Collected data entries

★ ★ ★ ★ ★ ★ ★

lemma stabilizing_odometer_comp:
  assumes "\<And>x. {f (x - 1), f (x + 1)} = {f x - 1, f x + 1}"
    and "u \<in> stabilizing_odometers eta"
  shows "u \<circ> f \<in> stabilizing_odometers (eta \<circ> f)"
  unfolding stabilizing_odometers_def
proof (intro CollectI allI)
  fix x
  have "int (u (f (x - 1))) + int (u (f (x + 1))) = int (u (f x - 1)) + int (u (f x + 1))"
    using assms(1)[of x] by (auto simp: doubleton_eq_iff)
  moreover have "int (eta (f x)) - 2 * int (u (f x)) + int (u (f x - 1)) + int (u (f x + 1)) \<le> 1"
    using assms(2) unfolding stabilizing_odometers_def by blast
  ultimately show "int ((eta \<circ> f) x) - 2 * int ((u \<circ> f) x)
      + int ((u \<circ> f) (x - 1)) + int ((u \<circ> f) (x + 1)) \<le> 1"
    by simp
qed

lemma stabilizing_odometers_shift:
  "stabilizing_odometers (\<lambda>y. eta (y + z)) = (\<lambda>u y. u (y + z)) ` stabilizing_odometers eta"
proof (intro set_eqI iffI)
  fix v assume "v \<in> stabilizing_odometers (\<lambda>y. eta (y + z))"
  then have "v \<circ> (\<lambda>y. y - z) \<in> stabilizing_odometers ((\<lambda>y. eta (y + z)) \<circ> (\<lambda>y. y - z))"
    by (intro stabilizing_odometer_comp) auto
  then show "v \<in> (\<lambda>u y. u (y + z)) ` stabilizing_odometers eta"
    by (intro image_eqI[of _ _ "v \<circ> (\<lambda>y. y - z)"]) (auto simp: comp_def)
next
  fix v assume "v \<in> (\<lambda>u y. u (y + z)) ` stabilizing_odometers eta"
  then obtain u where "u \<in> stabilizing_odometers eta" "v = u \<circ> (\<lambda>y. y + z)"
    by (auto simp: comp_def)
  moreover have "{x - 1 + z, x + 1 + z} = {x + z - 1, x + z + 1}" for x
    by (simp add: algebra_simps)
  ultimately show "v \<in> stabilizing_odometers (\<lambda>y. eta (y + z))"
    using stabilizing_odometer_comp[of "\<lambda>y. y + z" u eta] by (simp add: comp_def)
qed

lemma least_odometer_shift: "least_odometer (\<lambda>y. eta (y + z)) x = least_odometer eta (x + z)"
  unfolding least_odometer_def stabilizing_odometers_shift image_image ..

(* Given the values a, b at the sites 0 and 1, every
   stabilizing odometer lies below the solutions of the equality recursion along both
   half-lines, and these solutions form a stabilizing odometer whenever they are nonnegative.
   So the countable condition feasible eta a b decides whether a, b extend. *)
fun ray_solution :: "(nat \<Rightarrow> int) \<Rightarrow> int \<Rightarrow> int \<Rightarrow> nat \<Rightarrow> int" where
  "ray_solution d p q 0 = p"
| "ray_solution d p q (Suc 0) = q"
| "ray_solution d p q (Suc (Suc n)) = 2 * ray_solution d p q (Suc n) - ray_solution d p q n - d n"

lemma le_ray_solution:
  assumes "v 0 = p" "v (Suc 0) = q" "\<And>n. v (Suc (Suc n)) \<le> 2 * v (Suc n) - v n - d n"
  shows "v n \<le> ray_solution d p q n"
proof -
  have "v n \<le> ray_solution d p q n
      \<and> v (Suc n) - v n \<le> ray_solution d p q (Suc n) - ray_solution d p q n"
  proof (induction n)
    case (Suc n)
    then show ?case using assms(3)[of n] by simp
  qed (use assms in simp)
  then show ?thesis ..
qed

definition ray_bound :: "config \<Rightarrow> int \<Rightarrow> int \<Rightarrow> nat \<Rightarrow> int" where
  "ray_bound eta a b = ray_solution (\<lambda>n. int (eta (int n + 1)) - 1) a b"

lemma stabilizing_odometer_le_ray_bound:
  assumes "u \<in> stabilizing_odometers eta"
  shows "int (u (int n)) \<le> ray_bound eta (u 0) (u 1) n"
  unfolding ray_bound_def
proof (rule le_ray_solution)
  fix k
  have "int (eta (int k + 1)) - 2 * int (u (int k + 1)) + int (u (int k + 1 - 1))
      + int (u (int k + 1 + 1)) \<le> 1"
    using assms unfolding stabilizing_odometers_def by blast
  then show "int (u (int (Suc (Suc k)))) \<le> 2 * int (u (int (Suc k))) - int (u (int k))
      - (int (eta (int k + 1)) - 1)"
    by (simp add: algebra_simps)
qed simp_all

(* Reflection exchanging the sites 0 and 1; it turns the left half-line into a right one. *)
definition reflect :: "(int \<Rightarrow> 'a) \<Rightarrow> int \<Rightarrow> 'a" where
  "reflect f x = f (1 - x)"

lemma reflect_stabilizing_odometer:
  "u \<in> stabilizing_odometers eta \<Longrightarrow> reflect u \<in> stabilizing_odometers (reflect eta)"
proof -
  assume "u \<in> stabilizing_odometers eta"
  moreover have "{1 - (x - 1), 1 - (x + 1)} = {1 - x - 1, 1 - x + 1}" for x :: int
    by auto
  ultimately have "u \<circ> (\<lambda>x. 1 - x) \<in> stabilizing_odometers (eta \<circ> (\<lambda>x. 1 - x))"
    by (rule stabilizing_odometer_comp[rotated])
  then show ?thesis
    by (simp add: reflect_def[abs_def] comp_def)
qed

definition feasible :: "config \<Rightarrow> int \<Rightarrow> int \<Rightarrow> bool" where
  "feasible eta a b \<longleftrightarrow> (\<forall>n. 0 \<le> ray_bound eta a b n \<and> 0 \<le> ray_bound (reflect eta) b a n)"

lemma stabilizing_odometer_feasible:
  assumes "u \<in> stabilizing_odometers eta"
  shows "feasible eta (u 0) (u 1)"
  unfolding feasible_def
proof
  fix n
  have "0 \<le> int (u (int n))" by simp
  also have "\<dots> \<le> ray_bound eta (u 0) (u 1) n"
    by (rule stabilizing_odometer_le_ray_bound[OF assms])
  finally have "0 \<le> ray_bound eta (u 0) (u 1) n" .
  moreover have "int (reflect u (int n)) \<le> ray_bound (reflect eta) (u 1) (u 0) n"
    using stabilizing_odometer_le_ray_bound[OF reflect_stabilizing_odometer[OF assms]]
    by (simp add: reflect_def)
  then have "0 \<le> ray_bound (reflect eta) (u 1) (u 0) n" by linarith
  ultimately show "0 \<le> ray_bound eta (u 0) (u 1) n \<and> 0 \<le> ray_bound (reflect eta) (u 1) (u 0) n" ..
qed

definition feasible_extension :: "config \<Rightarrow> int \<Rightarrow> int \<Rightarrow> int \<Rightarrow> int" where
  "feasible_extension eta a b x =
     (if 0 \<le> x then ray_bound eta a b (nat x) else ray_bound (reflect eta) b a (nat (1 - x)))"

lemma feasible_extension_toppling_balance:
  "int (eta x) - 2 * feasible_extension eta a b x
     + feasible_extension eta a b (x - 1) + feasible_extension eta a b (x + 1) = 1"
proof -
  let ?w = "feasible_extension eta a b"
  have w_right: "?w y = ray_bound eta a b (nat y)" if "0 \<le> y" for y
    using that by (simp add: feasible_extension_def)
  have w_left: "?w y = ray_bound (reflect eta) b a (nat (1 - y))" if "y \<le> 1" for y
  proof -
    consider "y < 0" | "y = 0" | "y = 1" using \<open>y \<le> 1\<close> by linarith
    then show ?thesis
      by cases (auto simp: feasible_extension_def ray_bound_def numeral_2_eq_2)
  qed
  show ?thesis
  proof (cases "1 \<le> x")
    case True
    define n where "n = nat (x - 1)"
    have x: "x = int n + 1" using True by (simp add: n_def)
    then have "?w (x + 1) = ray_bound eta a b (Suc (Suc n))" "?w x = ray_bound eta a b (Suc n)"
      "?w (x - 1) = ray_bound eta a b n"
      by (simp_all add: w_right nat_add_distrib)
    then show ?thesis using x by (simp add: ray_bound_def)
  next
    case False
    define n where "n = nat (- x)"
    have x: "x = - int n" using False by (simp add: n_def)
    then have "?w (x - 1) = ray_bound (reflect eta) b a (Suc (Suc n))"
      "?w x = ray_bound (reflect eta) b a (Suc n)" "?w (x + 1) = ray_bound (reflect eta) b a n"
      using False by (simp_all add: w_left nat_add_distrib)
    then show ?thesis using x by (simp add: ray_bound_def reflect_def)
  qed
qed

★ ★ ★ ★ ★ ★ ★

* Task prompt:
Reproduce verbatim the lines above, from the line with "- (int (eta" through the line with "a b \<longleftrightarrow>".

* Response area:
      - (int (eta (int k + 1)) - 1)"
    by (simp add: algebra_simps)
qed simp_all

(* Reflection exchanging the sites 0 and 1; it turns the left half-line into a right one. *)
definition reflect :: "(int \<Rightarrow> 'a) \<Rightarrow> int \<Rightarrow> 'a" where
  "reflect f x = f (1 - x)"

lemma reflect_stabilizing_odometer:
  "u \<in> stabilizing_odometers eta \<Longrightarrow> reflect u \<in> stabilizing_odometers (reflect eta)"
proof -
  assume "u \<in> stabilizing_odometers eta"
  moreover have "{1 - (x - 1), 1 - (x + 1)} = {1 - x - 1, 1 - x + 1}" for x :: int
    by auto
  ultimately have "u \<circ> (\<lambda>x. 1 - x) \<in> stabilizing_odometers (eta \<circ> (\<lambda>x. 1 - x))"
    by (rule stabilizing_odometer_comp[rotated])
  then show ?thesis
    by (simp add: reflect_def[abs_def] comp_def)
qed

definition feasible :: "config \<Rightarrow> int \<Rightarrow> int \<Rightarrow> bool" where
  "feasible eta a b \<longleftrightarrow> (\<forall>n. 0 \<le> ray_bound eta a b n \<and> 0 \<le> ray_bound (reflect eta) b a n)"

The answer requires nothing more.